Like genuflecting, we perform this action so frequently that we often do so without thinking about what it means. We shouldn’t, because just like the Penitential Rite at Mass, the signing of ourselves with holy water is meant to place us in the right mindset to “prepare ourselves to celebrate the sacred mysteries.” This seemingly trivial action should call to mind every time our baptism, and all that it both signified and effected. From the moment that our fingers touch that holy water through the moment when we receive the Eucharist, our participation in the sacraments of initiation — baptism, confirmation and holy Communion — is present to us once more.
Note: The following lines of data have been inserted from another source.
(* Let $\{(\mathbf{x}^k,\mathbf{r}^k,\boldsymbol{\lambda}^k)\}$ be generated by Algorithm 2 under the bounded-delay assumption, let $k\ge0$ and $\alpha>0$. Then for any $\mathbf{x}$ independent of $i_k$ with $\mathbf{A}\mathbf{x}=\mathbf{b}$, $$\begin{aligned}&\mathbb{E}_{i_k}\Big[F(\mathbf{x}^{k+1})-F(\mathbf{x})-\langle\boldsymbol{\lambda}^{k+1},\mathbf{r}^{k+1}\rangle+(\beta-\rho)\|\mathbf{r}^{k+1}\|^2-\tfrac{\beta}{2}\|\mathbf{r}^{k+1}\|^2+\tfrac12\|\mathbf{x}^{k+1}-\mathbf{x}\|_{\mathbf{P}}^2\Big]+\tfrac12\mathbb{E}_{i_k}\|\mathbf{x}^{k+1}-\mathbf{x}^k\|^2_{\mathbf{P}-\mathbf{L}-\alpha L_c\mathbf{I}-\beta\mathbf{A}^\top\mathbf{A}}\\&-\frac{\kappa L_r\tau/\alpha+2L_r\tau}{2m}\sum_{d=k-\tau}^{k-1}\|\mathbf{x}^{d+1}-\mathbf{x}^d\|^2-\frac{1}{2m}\sum_{d=k-\tau}^{k-1}\|\mathbf{x}^{d+1}-\mathbf{x}^d\|^2_{\mathbf{L}}\\&\le\Big(1-\frac1m\Big)\Big[F(\mathbf{x}^k)-F(\mathbf{x})-\langle\boldsymbol{\lambda}^k,\mathbf{r}^k\rangle+\beta\|\mathbf{r}^k\|^2\Big]-\tfrac{\beta}{2}\|\mathbf{r}^k\|^2+\tfrac12\|\mathbf{x}^k-\mathbf{x}\|_{\mathbf{P}}^2,\end{aligned}$$ where $\mathbf{P}=\mathrm{blkdiag}(\mathbf{P}_1,\ldots,\mathbf{P}_m)$, $L_c=\max_iL_i$, $\kappa=L_r/L_c$, $\mathbf{x}^d:=\mathbf{x}^0$ for $d<0$, and $\|\mathbf{z}\|_{\mathbf{M}}^2:=\mathbf{z}^\top\mathbf{M}\mathbf{z}$ for symmetric $\mathbf{M}$.
   Context: Problem: $\min_{\mathbf{x}} F(\mathbf{x}):=f(\mathbf{x})+g(\mathbf{x})$ s.t. $\mathbf{A}\mathbf{x}=\mathbf{b}$, where $\mathbf{x}=(\mathbf{x}_1;\ldots;\mathbf{x}_m)$ with blocks $\mathbf{x}_i\in\mathbb{R}^{n_i}$, $g(\mathbf{x})=\sum_{i=1}^m g_i(\mathbf{x}_i)$, $\mathbf{A}=[\mathbf{A}_1,\ldots,\mathbf{A}_m]$ with $\mathbf{A}_i\in\mathbb{R}^{q\times n_i}$, $\mathbf{b}\in\mathbb{R}^q$; $f$ is convex and continuously differentiable, each $g_i$ is proper, convex, lower semicontinuous. $\mathbf{U}_i\mathbf{y}$ denotes the vector whose $i$-th block is $\mathbf{y}_i$ and other blocks zero. Assumption (gradient Lipschitz continuity): there are constants $L_i>0$ and $L_r$ with $\|\nabla_i f(\mathbf{x}+\mathbf{U}_i\mathbf{y})-\nabla_i f(\mathbf{x})\|\le L_i\|\mathbf{y}_i\|$ and $\|\nabla f(\mathbf{x}+\mathbf{U}_i\mathbf{y})-\nabla f(\mathbf{x})\|\le L_r\|\mathbf{y}_i\|$ for all $i,\mathbf{x},\mathbf{y}$. $\mathbf{L}=\mathrm{blkdiag}(L_1\mathbf{I}_{n_1},\ldots,L_m\mathbf{I}_{n_m})$. Algorithm 2 (async-parallel randomized primal-dual block update, as analyzed): choose $\mathbf{x}^0$, $\boldsymbol{\lambda}^0=\mathbf{0}$, $\mathbf{r}^0=\mathbf{A}\mathbf{x}^0-\mathbf{b}$, $\beta>0,\rho>0$, symmetric PSD $\mathbf{P}_i$. At iteration $k$, a block index $i_k\in\{1,\ldots,m\}$ and a (possibly outdated) point $\hat{\mathbf{x}}^k$ are used; $\mathbf{x}_i^{k+1}=\mathbf{x}_i^k$ for $i\ne i_k$ and $$\mathbf{x}_{i_k}^{k+1}\in\arg\min_{\mathbf{x}_{i_k}}\big\langle\nabla_{i_k} f(\hat{\mathbf{x}}^k)-\mathbf{A}_{i_k}^\top(\boldsymbol{\lambda}^k-\beta\mathbf{r}^k),\mathbf{x}_{i_k}\big\rangle+g_{i_k}(\mathbf{x}_{i_k})+\tfrac12\|\mathbf{x}_{i_k}-\mathbf{x}_{i_k}^k\|_{\mathbf{P}_{i_k}}^2;$$ then $\mathbf{r}^{k+1}=\mathbf{r}^k+\mathbf{A}_{i_k}(\mathbf{x}_{i_k}^{k+1}-\mathbf{x}_{i_k}^k)$ and $\boldsymbol{\lambda}^{k+1}=\boldsymbol{\lambda}^k-\rho\mathbf{r}^{k+1}$. Conditionally on the history before iteration $k$ (which determines $\mathbf{x}^k,\mathbf{r}^k,\boldsymbol{\lambda}^k$ and $\hat{\mathbf{x}}^k$), $i_k$ is uniformly distributed on $\{1,\ldots,m\}$; $\mathbb{E}_{i_k}$ denotes this conditional expectation, and "$\mathbf{x}$ independent of $i_k$" means $\mathbf{x}$ is determined by that history. Assumption (bounded delay): there is an integer $\tau\ge0$ such that $\hat{\mathbf{x}}^k=\mathbf{x}^k+\sum_{d\in J(k)}(\mathbf{x}^d-\mathbf{x}^{d+1})$ for some subset $J(k)\subseteq\{k-\tau,\ldots,k-1\}$. *)

theory Defs
  imports "HOL-Analysis.Analysis"
begin

text \<open>Coordinates of R^N are the finite type 'n; blk c is the block index of coordinate c.
  blockproj blk i y is U_i y_i: keeps the i-th block of y and zeroes the others.\<close>
definition blockproj :: "('n::finite \<Rightarrow> nat) \<Rightarrow> nat \<Rightarrow> real^'n \<Rightarrow> real^'n" where
  "blockproj blk i y = (\<chi> c. if blk c = i then y $ c else 0)"

definition qf :: "real^'n^'n \<Rightarrow> real^'n \<Rightarrow> real" where
  "qf M z = z \<bullet> (M *v z)"

definition blkdiagL :: "('n::finite \<Rightarrow> nat) \<Rightarrow> (nat \<Rightarrow> real) \<Rightarrow> real^'n^'n" where
  "blkdiagL blk L = (\<chi> c c'. if c = c' then L (blk c) else 0)"

definition proper_fun :: "('a \<Rightarrow> ereal) \<Rightarrow> bool" where
  "proper_fun g \<longleftrightarrow> (\<forall>x. g x \<noteq> -\<infinity>) \<and> (\<exists>x. g x \<noteq> \<infinity>)"

definition convex_fun :: "('a::real_vector \<Rightarrow> ereal) \<Rightarrow> bool" where
  "convex_fun g \<longleftrightarrow> convex {(x, t::real). g x \<le> ereal t}"

definition lsc_fun :: "('a::topological_space \<Rightarrow> ereal) \<Rightarrow> bool" where
  "lsc_fun g \<longleftrightarrow> (\<forall>x. g x \<le> Liminf (at x) g)"

end

theory Submission
  imports Defs
begin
Indeed, it is because of our baptism that we are able to receive the body and blood of Christ, to participate in the holy sacrifice offered once and for always on Mount Calvary on Good Friday, and made present to us again in every Eucharistic liturgy. We think most often, perhaps, of baptism as our entrance into the Church, into the Body of Christ, and it is that. But baptism does not make us a member of the Body of Christ the way that, say, an initiation ceremony may make us a member of a social club. For Christ was baptized, too, and his baptism and ours are one.

Baptized into Christ

When we think of the effects of baptism, first and foremost is the remission of Original Sin, and of any sins that we may have committed personally. Jesus, of course, was sinless, so his baptism in the Jordan at the hands of his cousin, St. John the Baptist, didn’t have that effect on him personally. Yet he was baptized, and not simply to provide an example or to sanctify the waters of baptism through his actions. His baptism was, as Pope Benedict XVI pointed out in “Jesus of Nazareth,” “an anticipation of the Cross,” of his death and resurrection — the very death and resurrection that we celebrate at every Eucharistic liturgy, and that, through our celebration, is made present to us once more.

At our baptism, we were baptized into Christ fully and completely, and thus we were baptized into his death and his resurrection. Every time we sign ourselves with holy water as we enter the sanctuary of our church to participate in the Eucharistic sacrifice, we should strive to call to mind this reality and to connect this action to the sacrifice on the altar. To become a member of the Body of Christ means to die to self and to rise in him, in the body that is blessed and broken on the altar of our church just as it was at the Last Supper on Holy Thursday and on the cross on Good Friday. This is our sacrifice, not just in the sense that we offer it along with the priest, but in the sense that we and the priest are members of the very body that we are offering to God the Father, the very body that Christ offered to his Father on the cross.

In baptism, we are made one with the Body of Christ; in holy Communion, we receive that same body, blood, soul and divinity into our own bodies. When our participation in the Body of Christ moves from being merely a teaching that we understand intellectually to an experience that captures our imagination and enlightens our understanding, then the real presence of Christ becomes not a subject for surveys but a lived reality that draws us back, again and again, to the altar where he accepts our sacrifice, sanctifies it and unites it to his, all in the worship of his Father, and ours.